§ Directions for this task: Until the line containing "using assms(3) op_trace_psd[OF" has been reproduced, keep reproducing each line of the material below exactly, starting with the first.
+++++
lemma ptrace_embed_meas_proj:
  fixes U :: qop and t :: "nat set"
  assumes fin: "finite X" "finite S" and disj: "X \<inter> S = {}" and a: "a \<in> Pow S" and b: "b \<in> Pow S"
  defines "P \<equiv> embed X (meas_proj U t)"
  shows "ptrace X (op_mult (X \<union> S) (op_mult (X \<union> S) P M) P) a b
     = (\<Sum>c\<in>Pow X. cnj (U t c) * U t c) * partial_sandwich X (U t) M a b"
proof -
  have "ptrace X (op_mult (X \<union> S) (op_mult (X \<union> S) P M) P) a b
     = (\<Sum>c\<in>Pow X. \<Sum>e\<in>Pow (X \<union> S). (\<Sum>d\<in>Pow (X \<union> S). P (a \<union> c) d * M d e) * P e (b \<union> c))"
    by (simp add: ptrace_def op_mult_def)
  also have "\<dots> = (\<Sum>c\<in>Pow X. \<Sum>y\<in>Pow X.
      (\<Sum>d\<in>Pow (X \<union> S). P (a \<union> c) d * M d (y \<union> b)) * meas_proj U t y c)"
    unfolding P_def using b by (intro sum.cong refl sum_embed_col[OF fin disj]) auto
  also have "\<dots> = (\<Sum>c\<in>Pow X. \<Sum>y\<in>Pow X.
      (\<Sum>x\<in>Pow X. meas_proj U t c x * M (x \<union> a) (y \<union> b)) * meas_proj U t y c)"
    unfolding P_def using a by (simp add: sum_embed_row[OF fin disj])
  also have "\<dots> = (\<Sum>c\<in>Pow X. \<Sum>y\<in>Pow X. \<Sum>x\<in>Pow X. cnj (U t c) * U t x * M (x \<union> a) (y \<union> b) * cnj (U t y) * U t c)"
    by (simp add: meas_proj_def sum_distrib_left sum_distrib_right mult_ac)
  also have "\<dots> = (\<Sum>c\<in>Pow X. cnj (U t c) * U t c) * partial_sandwich X (U t) M a b"
    by (subst sum_rotate3, subst sum.swap)
      (simp add: partial_sandwich_def sum_distrib_left sum_distrib_right mult_ac)
  finally show ?thesis .
qed

lemma density_op_normalize:
  assumes "finite S" "psd_op S G" "Re (op_trace S G) > 0"
    and C: "\<And>a b. a \<in> Pow S \<Longrightarrow> b \<in> Pow S \<Longrightarrow> C a b = G a b / of_real (Re (op_trace S G))"
  shows "density_op S C"
proof -
  define p where "p = Re (op_trace S G)"
  have p: "p > 0" "op_trace S G = of_real p"
    using assms(3) op_trace_psd[OF assms(2,1)] by (simp_all add: p_def complex_eq_iff)
  have C_p: "C a b = G a b / of_real p" if "a \<in> Pow S" "b \<in> Pow S" for a b
    using C[OF that] by (simp add: p_def)
  have "qform S C v = qform S G v / of_real p" for v
    unfolding qform_def by (simp add: C_p sum_divide_distrib)
  then have "psd_op S C"
    using assms(2) p(1) by (simp add: psd_op_def Re_divide_of_real Im_divide_of_real)
  moreover have "op_trace S C = op_trace S G / of_real p"
    unfolding op_trace_def by (simp add: C_p sum_divide_distrib)
  then have "op_trace S C = 1"
    using p by simp
  ultimately show ?thesis
    by (simp add: density_op_iff_trace_psd)
qed

lemma two_qubit_state_to_2qubit:
  assumes SR: "S \<noteq> R" and K: "density_op {S, R} K"
  shows "two_qubit_state (to_2qubit S R K)"
proof -
  define idx where "idx i = (if i div 2 = 1 then {S} else {}) \<union> (if i mod 2 = 1 then {R} else {})" for i :: nat
  have four: "{..<4::nat} = {0, 1, 2, 3}" by auto
  have idx_simps: "idx 0 = {}" "idx (Suc 0) = {R}" "idx 2 = {S}" "idx 3 = {S, R}"
    by (auto simp: idx_def)
  have "inj_on idx {..<4}"
    unfolding four inj_on_def using SR by (auto simp: idx_simps doubleton_eq_iff)
  moreover have "idx ` {..<4} = Pow {S, R}"
    unfolding four by (auto simp: idx_simps Pow_insert)
  ultimately have bij: "bij_betw idx {..<4} (Pow {S, R})"
    by (simp add: bij_betw_def)
  have entry: "to_2qubit S R K $$ (i, j) = K (idx i) (idx j)" if "i < 4" "j < 4" for i j
    using that by (simp add: to_2qubit_def idx_def)
  have "(\<Sum>i<4. to_2qubit S R K $$ (i, i)) = op_trace {S, R} K"
    unfolding op_trace_def using sum.reindex_bij_betw[OF bij, of "\<lambda>a. K a a"] by (simp add: entry)
  moreover have "(\<Sum>i<4. \<Sum>j<4. cnj (v i) * to_2qubit S R K $$ (i, j) * v j)
      = qform {S, R} K (\<lambda>a. v (inv_into {..<4} idx a))" for v :: "nat \<Rightarrow> complex"
  proof -
    define w where "w = (\<lambda>a. v (inv_into {..<4} idx a))"
    have w: "w (idx i) = v i" if "i < 4" for i
      using bij_betw_inv_into_left[OF bij] that by (simp add: w_def)
    have "(\<Sum>i<4. \<Sum>j<4. cnj (v i) * to_2qubit S R K $$ (i, j) * v j)
        = (\<Sum>i<4. \<Sum>j<4. cnj (w (idx i)) * K (idx i) (idx j) * w (idx j))"
      by (intro sum.cong refl) (simp add: entry w)
    also have "\<dots> = (\<Sum>i<4. \<Sum>b\<in>Pow {S, R}. cnj (w (idx i)) * K (idx i) b * w b)"
      by (intro sum.cong refl sum.reindex_bij_betw[OF bij])
    also have "\<dots> = qform {S, R} K w"
      unfolding qform_def by (rule sum.reindex_bij_betw[OF bij])
    finally show ?thesis
      unfolding w_def .
  qed
  ultimately show ?thesis
    using K unfolding two_qubit_state_def density_op_iff_trace_psd psd_op_def
    by (simp add: to_2qubit_def)
qed

section \<open>The conditional states of the protocol\<close>

definition cond_state_unnormalized :: "nat \<Rightarrow> qvec \<Rightarrow> qop \<Rightarrow> qop \<Rightarrow> qop \<Rightarrow> nat set \<Rightarrow> qop" where
  "cond_state_unnormalized n \<psi> \<rho> V U t = partial_sandwich {3..n} (U t) (ptrace {1} (evolved n \<psi> \<rho> V))"

lemma prob_t_eq_trace:
  assumes "n \<ge> 2"
  shows "prob_t n \<psi> \<rho> V U t = Re (op_trace {2, n+1} (cond_state_unnormalized n \<psi> \<rho> V U t))"
proof -
  have "{1..n+1} - {3..n} = {2, n+1} \<union> {1}"
    using assms by auto
  then have "ptrace ({1..n+1} - {3..n}) (evolved n \<psi> \<rho> V) x y
      = ptrace {2, n+1} (ptrace {1} (evolved n \<psi> \<rho> V)) x y" for x y
    using assms by (simp add: ptrace_ptrace)
  then show ?thesis
    by (simp add: prob_t_def cond_state_unnormalized_def op_trace_partial_sandwich)
qed

lemma psd_op_cond_state_unnormalized:
  assumes n: "n \<ge> 2" and psi: "unit_vec {1} \<psi>" and rho: "density_op {2..n+1} \<rho>"
    and V: "unitary_op {1..n} V"
  shows "psd_op {2, n+1} (cond_state_unnormalized n \<psi> \<rho> V U t)"
proof -
  have "{1..n+1} = ({3..n} \<union> {2, n+1}) \<union> {1}"
    using n by auto
  then have "psd_op ({3..n} \<union> {2, n+1}) (ptrace {1} (evolved n \<psi> \<rho> V))"
    using density_op_evolved[OF psi rho V] n
    by (intro psd_op_ptrace) (auto simp: density_op_iff_trace_psd)
  then show ?thesis
    unfolding cond_state_unnormalized_def by (rule psd_op_partial_sandwich[rotated 3]) auto
qed

lemma prob_t_nonneg:
  assumes "n \<ge> 2" "unit_vec {1} \<psi>" "density_op {2..n+1} \<rho>" "unitary_op {1..n} V"
  shows "prob_t n \<psi> \<rho> V U t \<ge> 0"
  using op_trace_psd[OF psd_op_cond_state_unnormalized[OF assms]] prob_t_eq_trace[OF assms(1)]
  by simp

lemma cond_state_eq:
  assumes n: "n \<ge> 2" and U: "unitary_op {3..n} U" and t: "t \<in> Pow {3..n}"
    and a: "a \<in> Pow {2, n+1}" and b: "b \<in> Pow {2, n+1}"
  shows "cond_state n \<psi> \<rho> V U t a b
    = cond_state_unnormalized n \<psi> \<rho> V U t a b / of_real (prob_t n \<psi> \<rho> V U t)"
proof -
  have split: "{2..n+1} = {3..n} \<union> {2, n+1}"
    using n by auto
  have "(\<Sum>c\<in>Pow {3..n}. cnj (U t c) * U t c) = op_mult {3..n} U (op_adj U) t t"
    by (simp add: op_mult_def op_adj_def mult.commute)
  also have "\<dots> = 1"
    using U t by (simp add: unitary_op_def op_id_def)
  finally show ?thesis
    unfolding cond_state_def Let_def split cond_state_unnormalized_def
    using ptrace_embed_meas_proj[of "{3..n}" "{2, n+1}" a b U t] a b by simp
qed

lemma sum_prob_t:
  assumes psi: "unit_vec {1} \<psi>" and rho: "density_op {2..n+1} \<rho>"
    and V: "unitary_op {1..n} V" and U: "unitary_op {3..n} U"
  shows "(\<Sum>t\<in>Pow {3..n}. prob_t n \<psi> \<rho> V U t) = 1"
proof -
  define E where "E = evolved n \<psi> \<rho> V"
  define X where "X = {3..n::nat}"
  define \<rho>X where "\<rho>X = ptrace ({1..n+1} - X) E"
  have "(\<Sum>t\<in>Pow X. \<Sum>x\<in>Pow X. \<Sum>y\<in>Pow X. U t x * \<rho>X x y * cnj (U t y))
      = (\<Sum>x\<in>Pow X. \<Sum>y\<in>Pow X. \<rho>X x y * op_mult X (op_adj U) U y x)"
    by (subst sum_rotate3) (simp add: op_mult_def op_adj_def sum_distrib_left mult_ac)
  also have "\<dots> = op_trace X \<rho>X"
    using U unfolding X_def
    by (simp add: unitary_op_def op_trace_def op_id_def if_distrib_mult_cnj cong: if_cong)
  also have "\<dots> = op_trace {1..n+1} E"
    unfolding \<rho>X_def X_def by (subst ptrace_trace) (auto intro: arg_cong2[where f = op_trace])
  also have "\<dots> = 1"
    using density_op_evolved[OF psi rho V] by (simp add: E_def density_op_iff_trace_psd)
  finally show ?thesis
    by (simp add: prob_t_def E_def X_def \<rho>X_def flip: Re_sum)
qed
+++++
§ Expected answer:
lemma ptrace_embed_meas_proj:
  fixes U :: qop and t :: "nat set"
  assumes fin: "finite X" "finite S" and disj: "X \<inter> S = {}" and a: "a \<in> Pow S" and b: "b \<in> Pow S"
  defines "P \<equiv> embed X (meas_proj U t)"
  shows "ptrace X (op_mult (X \<union> S) (op_mult (X \<union> S) P M) P) a b
     = (\<Sum>c\<in>Pow X. cnj (U t c) * U t c) * partial_sandwich X (U t) M a b"
proof -
  have "ptrace X (op_mult (X \<union> S) (op_mult (X \<union> S) P M) P) a b
     = (\<Sum>c\<in>Pow X. \<Sum>e\<in>Pow (X \<union> S). (\<Sum>d\<in>Pow (X \<union> S). P (a \<union> c) d * M d e) * P e (b \<union> c))"
    by (simp add: ptrace_def op_mult_def)
  also have "\<dots> = (\<Sum>c\<in>Pow X. \<Sum>y\<in>Pow X.
      (\<Sum>d\<in>Pow (X \<union> S). P (a \<union> c) d * M d (y \<union> b)) * meas_proj U t y c)"
    unfolding P_def using b by (intro sum.cong refl sum_embed_col[OF fin disj]) auto
  also have "\<dots> = (\<Sum>c\<in>Pow X. \<Sum>y\<in>Pow X.
      (\<Sum>x\<in>Pow X. meas_proj U t c x * M (x \<union> a) (y \<union> b)) * meas_proj U t y c)"
    unfolding P_def using a by (simp add: sum_embed_row[OF fin disj])
  also have "\<dots> = (\<Sum>c\<in>Pow X. \<Sum>y\<in>Pow X. \<Sum>x\<in>Pow X. cnj (U t c) * U t x * M (x \<union> a) (y \<union> b) * cnj (U t y) * U t c)"
    by (simp add: meas_proj_def sum_distrib_left sum_distrib_right mult_ac)
  also have "\<dots> = (\<Sum>c\<in>Pow X. cnj (U t c) * U t c) * partial_sandwich X (U t) M a b"
    by (subst sum_rotate3, subst sum.swap)
      (simp add: partial_sandwich_def sum_distrib_left sum_distrib_right mult_ac)
  finally show ?thesis .
qed

lemma density_op_normalize:
  assumes "finite S" "psd_op S G" "Re (op_trace S G) > 0"
    and C: "\<And>a b. a \<in> Pow S \<Longrightarrow> b \<in> Pow S \<Longrightarrow> C a b = G a b / of_real (Re (op_trace S G))"
  shows "density_op S C"
proof -
  define p where "p = Re (op_trace S G)"
  have p: "p > 0" "op_trace S G = of_real p"
    using assms(3) op_trace_psd[OF assms(2,1)] by (simp_all add: p_def complex_eq_iff)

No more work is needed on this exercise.